*PROVIDED RECORDS*:

(* For any connected graph $G$ of order $n \ge 2$ and for any positive integer $k$, $1\le \dim_{k,f}(G)\le \frac{n}{2}$.
   Context: All graphs are finite, simple, undirected and connected. $d(x,y)$ is the length of a shortest $x$–$y$ path in $G$. For a positive integer $k$, $d_k(x,y)=\min\{d(x,y),k+1\}$ and $R_k\{x,y\}=\{z\in V(G): d_k(x,z)\neq d_k(y,z)\}$. For a function $g$ on $V(G)$ and $U\subseteq V(G)$, $g(U)=\sum_{s\in U}g(s)$. A function $h:V(G)\to[0,1]$ is a $k$-truncated resolving function of $G$ if $h(R_k\{x,y\})\ge 1$ for all distinct $x,y\in V(G)$. The fractional $k$-truncated metric dimension is $\dim_{k,f}(G)=\min\{h(V(G)): h \text{ is a } k\text{-truncated resolving function of } G\}$. *)

theory Defs
  imports Main "HOL-Library.Extended_Real"
begin

definition connected_simple_graph :: "'a set \<Rightarrow> ('a \<Rightarrow> 'a \<Rightarrow> bool) \<Rightarrow> bool" where
  "connected_simple_graph V E \<longleftrightarrow>
     finite V \<and>
     (\<forall>x y. E x y \<longrightarrow> x \<in> V \<and> y \<in> V) \<and>
     (\<forall>x y. E x y \<longrightarrow> E y x) \<and>
     (\<forall>x. \<not> E x x) \<and>
     (\<forall>x\<in>V. \<forall>y\<in>V. \<exists>n. (E ^^ n) x y)"

definition gdist :: "('a \<Rightarrow> 'a \<Rightarrow> bool) \<Rightarrow> 'a \<Rightarrow> 'a \<Rightarrow> nat" where
  "gdist E x y = (LEAST n. (E ^^ n) x y)"

definition tdist :: "('a \<Rightarrow> 'a \<Rightarrow> bool) \<Rightarrow> nat \<Rightarrow> 'a \<Rightarrow> 'a \<Rightarrow> nat" where
  "tdist E k x y = min (gdist E x y) (k + 1)"

definition resolving_set_k :: "'a set \<Rightarrow> ('a \<Rightarrow> 'a \<Rightarrow> bool) \<Rightarrow> nat \<Rightarrow> 'a \<Rightarrow> 'a \<Rightarrow> 'a set" where
  "resolving_set_k V E k x y = {z \<in> V. tdist E k x z \<noteq> tdist E k y z}"

definition k_truncated_resolving_function ::
  "'a set \<Rightarrow> ('a \<Rightarrow> 'a \<Rightarrow> bool) \<Rightarrow> nat \<Rightarrow> ('a \<Rightarrow> real) \<Rightarrow> bool" where
  "k_truncated_resolving_function V E k h \<longleftrightarrow>
     (\<forall>v\<in>V. 0 \<le> h v \<and> h v \<le> 1) \<and>
     (\<forall>x\<in>V. \<forall>y\<in>V. x \<noteq> y \<longrightarrow> sum h (resolving_set_k V E k x y) \<ge> 1)"

definition frac_trunc_metric_dim :: "'a set \<Rightarrow> ('a \<Rightarrow> 'a \<Rightarrow> bool) \<Rightarrow> nat \<Rightarrow> real" where
  "frac_trunc_metric_dim V E k =
     Inf {sum h V | h. k_truncated_resolving_function V E k h}"

end

theory Submission
  imports Defs
begin

text \<open>Every pair \<open>x \<noteq> y\<close> is resolved by \<open>x\<close> and by \<open>y\<close> themselves, since a vertex is at
  distance 0 only from itself. Hence the constant function \<open>1/2\<close> is resolving, of weight
  \<open>n/2\<close>. Conversely a resolving function puts weight at least 1 on a single resolving set,
  which lies inside \<open>V\<close>, so its total weight is at least 1.\<close>

lemma gdist_self: "gdist E x x = 0"
  unfolding gdist_def by (simp add: Least_eq_0)

lemma gdist_eq_0_iff:
  assumes "(E ^^ m) x y"
  shows "gdist E x y = 0 \<longleftrightarrow> x = y"
proof
  assume "gdist E x y = 0"
  moreover have "(E ^^ gdist E x y) x y"
    unfolding gdist_def using assms by (rule LeastI)
  ultimately show "x = y" by simp
qed (simp add: gdist_self)

lemma tdist_eq_0_iff:
  assumes "(E ^^ m) x y"
  shows "tdist E k x y = 0 \<longleftrightarrow> x = y"
  using gdist_eq_0_iff[OF assms] by (auto simp: tdist_def min_def)

lemma resolving_set_k_subset: "resolving_set_k V E k x y \<subseteq> V"
  unfolding resolving_set_k_def by auto

lemma endpoints_in_resolving_set_k:
  assumes G: "connected_simple_graph V E" and xy: "x \<in> V" "y \<in> V" "x \<noteq> y"
  shows "{x, y} \<subseteq> resolving_set_k V E k x y"
proof -
  obtain m where "(E ^^ m) y x" using G xy unfolding connected_simple_graph_def by blast
  moreover obtain m' where "(E ^^ m') x y" using G xy unfolding connected_simple_graph_def by blast
  ultimately have "tdist E k y x \<noteq> 0" "tdist E k x y \<noteq> 0"
    using tdist_eq_0_iff xy(3) by metis+
  with xy show ?thesis
    unfolding resolving_set_k_def by (auto simp: tdist_def gdist_self)
qed

lemma half_is_k_truncated_resolving_function:
  assumes G: "connected_simple_graph V E"
  shows "k_truncated_resolving_function V E k (\<lambda>_. 1/2)"
  unfolding k_truncated_resolving_function_def
proof (intro conjI ballI impI)
  fix x y assume xy: "x \<in> V" "y \<in> V" "x \<noteq> y"
  have "finite (resolving_set_k V E k x y)"
    using G resolving_set_k_subset finite_subset unfolding connected_simple_graph_def by metis
  then have "sum (\<lambda>_. 1/2) {x, y} \<le> sum (\<lambda>_. 1/2 :: real) (resolving_set_k V E k x y)"
    using endpoints_in_resolving_set_k[OF G xy] by (intro sum_mono2) auto
  then show "1 \<le> sum (\<lambda>_. 1/2 :: real) (resolving_set_k V E k x y)"
    using xy(3) by simp
qed auto

lemma k_truncated_resolving_function_sum_ge_1:
  assumes h: "k_truncated_resolving_function V E k h"
    and "finite V" and xy: "x \<in> V" "y \<in> V" "x \<noteq> y"
  shows "1 \<le> sum h V"
proof -
  have "1 \<le> sum h (resolving_set_k V E k x y)"
    using h xy unfolding k_truncated_resolving_function_def by blast
  also have "\<dots> \<le> sum h V"
    using h \<open>finite V\<close> resolving_set_k_subset[of V E k x y]
    unfolding k_truncated_resolving_function_def by (intro sum_mono2) auto
  finally show ?thesis .
qed

theorem proposition2p6:
  fixes V :: "'a set" and E :: "'a \<Rightarrow> 'a \<Rightarrow> bool" and k :: nat
  assumes "connected_simple_graph V E"
    and "card V \<ge> 2"
    and "k \<ge> 1"
  shows "1 \<le> frac_trunc_metric_dim V E k \<and>
         frac_trunc_metric_dim V E k \<le> real (card V) / 2"
proof -
  define S where "S = {sum h V | h. k_truncated_resolving_function V E k h}"
  have fin: "finite V" using assms(1) unfolding connected_simple_graph_def by blast
  obtain x y where xy: "x \<in> V" "y \<in> V" "x \<noteq> y"
    using assms(2) card_le_Suc0_iff_eq[OF fin] by (metis not_less_eq_eq numeral_2_eq_2)
  have lower: "1 \<le> s" if "s \<in> S" for s
    using that k_truncated_resolving_function_sum_ge_1[OF _ fin xy] unfolding S_def by blast
  have half: "sum (\<lambda>_. 1/2) V \<in> S"
    using half_is_k_truncated_resolving_function[OF assms(1)] unfolding S_def by blast
  have "1 \<le> Inf S" using half lower by (intro cInf_greatest) auto
  moreover have "Inf S \<le> sum (\<lambda>_. 1/2) V" using half lower by (intro cInf_lower bdd_belowI)
  ultimately show ?thesis unfolding frac_trunc_metric_dim_def S_def by simp
qed

end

*TASK ITEM*: Give back every entry, word for word.

*ANSWER SECTION*:
(* For any connected graph $G$ of order $n \ge 2$ and for any positive integer $k$, $1\le \dim_{k,f}(G)\le \frac{n}{2}$.
   Context: All graphs are finite, simple, undirected and connected. $d(x,y)$ is the length of a shortest $x$–$y$ path in $G$. For a positive integer $k$, $d_k(x,y)=\min\{d(x,y),k+1\}$ and $R_k\{x,y\}=\{z\in V(G): d_k(x,z)\neq d_k(y,z)\}$. For a function $g$ on $V(G)$ and $U\subseteq V(G)$, $g(U)=\sum_{s\in U}g(s)$. A function $h:V(G)\to[0,1]$ is a $k$-truncated resolving function of $G$ if $h(R_k\{x,y\})\ge 1$ for all distinct $x,y\in V(G)$. The fractional $k$-truncated metric dimension is $\dim_{k,f}(G)=\min\{h(V(G)): h \text{ is a } k\text{-truncated resolving function of } G\}$. *)

theory Defs
  imports Main "HOL-Library.Extended_Real"
begin

definition connected_simple_graph :: "'a set \<Rightarrow> ('a \<Rightarrow> 'a \<Rightarrow> bool) \<Rightarrow> bool" where
  "connected_simple_graph V E \<longleftrightarrow>
     finite V \<and>
     (\<forall>x y. E x y \<longrightarrow> x \<in> V \<and> y \<in> V) \<and>
     (\<forall>x y. E x y \<longrightarrow> E y x) \<and>
     (\<forall>x. \<not> E x x) \<and>
     (\<forall>x\<in>V. \<forall>y\<in>V. \<exists>n. (E ^^ n) x y)"

definition gdist :: "('a \<Rightarrow> 'a \<Rightarrow> bool) \<Rightarrow> 'a \<Rightarrow> 'a \<Rightarrow> nat" where
  "gdist E x y = (LEAST n. (E ^^ n) x y)"

definition tdist :: "('a \<Rightarrow> 'a \<Rightarrow> bool) \<Rightarrow> nat \<Rightarrow> 'a \<Rightarrow> 'a \<Rightarrow> nat" where
  "tdist E k x y = min (gdist E x y) (k + 1)"

definition resolving_set_k :: "'a set \<Rightarrow> ('a \<Rightarrow> 'a \<Rightarrow> bool) \<Rightarrow> nat \<Rightarrow> 'a \<Rightarrow> 'a \<Rightarrow> 'a set" where
  "resolving_set_k V E k x y = {z \<in> V. tdist E k x z \<noteq> tdist E k y z}"

definition k_truncated_resolving_function ::
  "'a set \<Rightarrow> ('a \<Rightarrow> 'a \<Rightarrow> bool) \<Rightarrow> nat \<Rightarrow> ('a \<Rightarrow> real) \<Rightarrow> bool" where
  "k_truncated_resolving_function V E k h \<longleftrightarrow>
     (\<forall>v\<in>V. 0 \<le> h v \<and> h v \<le> 1) \<and>
     (\<forall>x\<in>V. \<forall>y\<in>V. x \<noteq> y \<longrightarrow> sum h (resolving_set_k V E k x y) \<ge> 1)"

definition frac_trunc_metric_dim :: "'a set \<Rightarrow> ('a \<Rightarrow> 'a \<Rightarrow> bool) \<Rightarrow> nat \<Rightarrow> real" where
  "frac_trunc_metric_dim V E k =
     Inf {sum h V | h. k_truncated_resolving_function V E k h}"

end

theory Submission
  imports Defs
begin

text \<open>Every pair \<open>x \<noteq> y\<close> is resolved by \<open>x\<close> and by \<open>y\<close> themselves, since a vertex is at
  distance 0 only from itself. Hence the constant function \<open>1/2\<close> is resolving, of weight
  \<open>n/2\<close>. Conversely a resolving function puts weight at least 1 on a single resolving set,
  which lies inside \<open>V\<close>, so its total weight is at least 1.\<close>

lemma gdist_self: "gdist E x x = 0"
  unfolding gdist_def by (simp add: Least_eq_0)

lemma gdist_eq_0_iff:
  assumes "(E ^^ m) x y"
  shows "gdist E x y = 0 \<longleftrightarrow> x = y"
proof
  assume "gdist E x y = 0"
  moreover have "(E ^^ gdist E x y) x y"
    unfolding gdist_def using assms by (rule LeastI)
  ultimately show "x = y" by simp
qed (simp add: gdist_self)

lemma tdist_eq_0_iff:
  assumes "(E ^^ m) x y"
  shows "tdist E k x y = 0 \<longleftrightarrow> x = y"
  using gdist_eq_0_iff[OF assms] by (auto simp: tdist_def min_def)

lemma resolving_set_k_subset: "resolving_set_k V E k x y \<subseteq> V"
  unfolding resolving_set_k_def by auto

lemma endpoints_in_resolving_set_k:
  assumes G: "connected_simple_graph V E" and xy: "x \<in> V" "y \<in> V" "x \<noteq> y"
  shows "{x, y} \<subseteq> resolving_set_k V E k x y"
proof -
  obtain m where "(E ^^ m) y x" using G xy unfolding connected_simple_graph_def by blast
  moreover obtain m' where "(E ^^ m') x y" using G xy unfolding connected_simple_graph_def by blast
  ultimately have "tdist E k y x \<noteq> 0" "tdist E k x y \<noteq> 0"
    using tdist_eq_0_iff xy(3) by metis+
  with xy show ?thesis
    unfolding resolving_set_k_def by (auto simp: tdist_def gdist_self)
qed

lemma half_is_k_truncated_resolving_function:
  assumes G: "connected_simple_graph V E"
  shows "k_truncated_resolving_function V E k (\<lambda>_. 1/2)"
  unfolding k_truncated_resolving_function_def
proof (intro conjI ballI impI)
  fix x y assume xy: "x \<in> V" "y \<in> V" "x \<noteq> y"
  have "finite (resolving_set_k V E k x y)"
    using G resolving_set_k_subset finite_subset unfolding connected_simple_graph_def by metis
  then have "sum (\<lambda>_. 1/2) {x, y} \<le> sum (\<lambda>_. 1/2 :: real) (resolving_set_k V E k x y)"
    using endpoints_in_resolving_set_k[OF G xy] by (intro sum_mono2) auto
  then show "1 \<le> sum (\<lambda>_. 1/2 :: real) (resolving_set_k V E k x y)"
    using xy(3) by simp
qed auto

lemma k_truncated_resolving_function_sum_ge_1:
  assumes h: "k_truncated_resolving_function V E k h"
    and "finite V" and xy: "x \<in> V" "y \<in> V" "x \<noteq> y"
  shows "1 \<le> sum h V"
proof -
  have "1 \<le> sum h (resolving_set_k V E k x y)"
    using h xy unfolding k_truncated_resolving_function_def by blast
  also have "\<dots> \<le> sum h V"
    using h \<open>finite V\<close> resolving_set_k_subset[of V E k x y]
    unfolding k_truncated_resolving_function_def by (intro sum_mono2) auto
  finally show ?thesis .
qed

theorem proposition2p6:
  fixes V :: "'a set" and E :: "'a \<Rightarrow> 'a \<Rightarrow> bool" and k :: nat
  assumes "connected_simple_graph V E"
    and "card V \<ge> 2"
    and "k \<ge> 1"
  shows "1 \<le> frac_trunc_metric_dim V E k \<and>
         frac_trunc_metric_dim V E k \<le> real (card V) / 2"
proof -
  define S where "S = {sum h V | h. k_truncated_resolving_function V E k h}"
  have fin: "finite V" using assms(1) unfolding connected_simple_graph_def by blast
  obtain x y where xy: "x \<in> V" "y \<in> V" "x \<noteq> y"
    using assms(2) card_le_Suc0_iff_eq[OF fin] by (metis not_less_eq_eq numeral_2_eq_2)
  have lower: "1 \<le> s" if "s \<in> S" for s
    using that k_truncated_resolving_function_sum_ge_1[OF _ fin xy] unfolding S_def by blast
  have half: "sum (\<lambda>_. 1/2) V \<in> S"
    using half_is_k_truncated_resolving_function[OF assms(1)] unfolding S_def by blast
  have "1 \<le> Inf S" using half lower by (intro cInf_greatest) auto
  moreover have "Inf S \<le> sum (\<lambda>_. 1/2) V" using half lower by (intro cInf_lower bdd_belowI)
  ultimately show ?thesis unfolding frac_trunc_metric_dim_def S_def by simp
qed

end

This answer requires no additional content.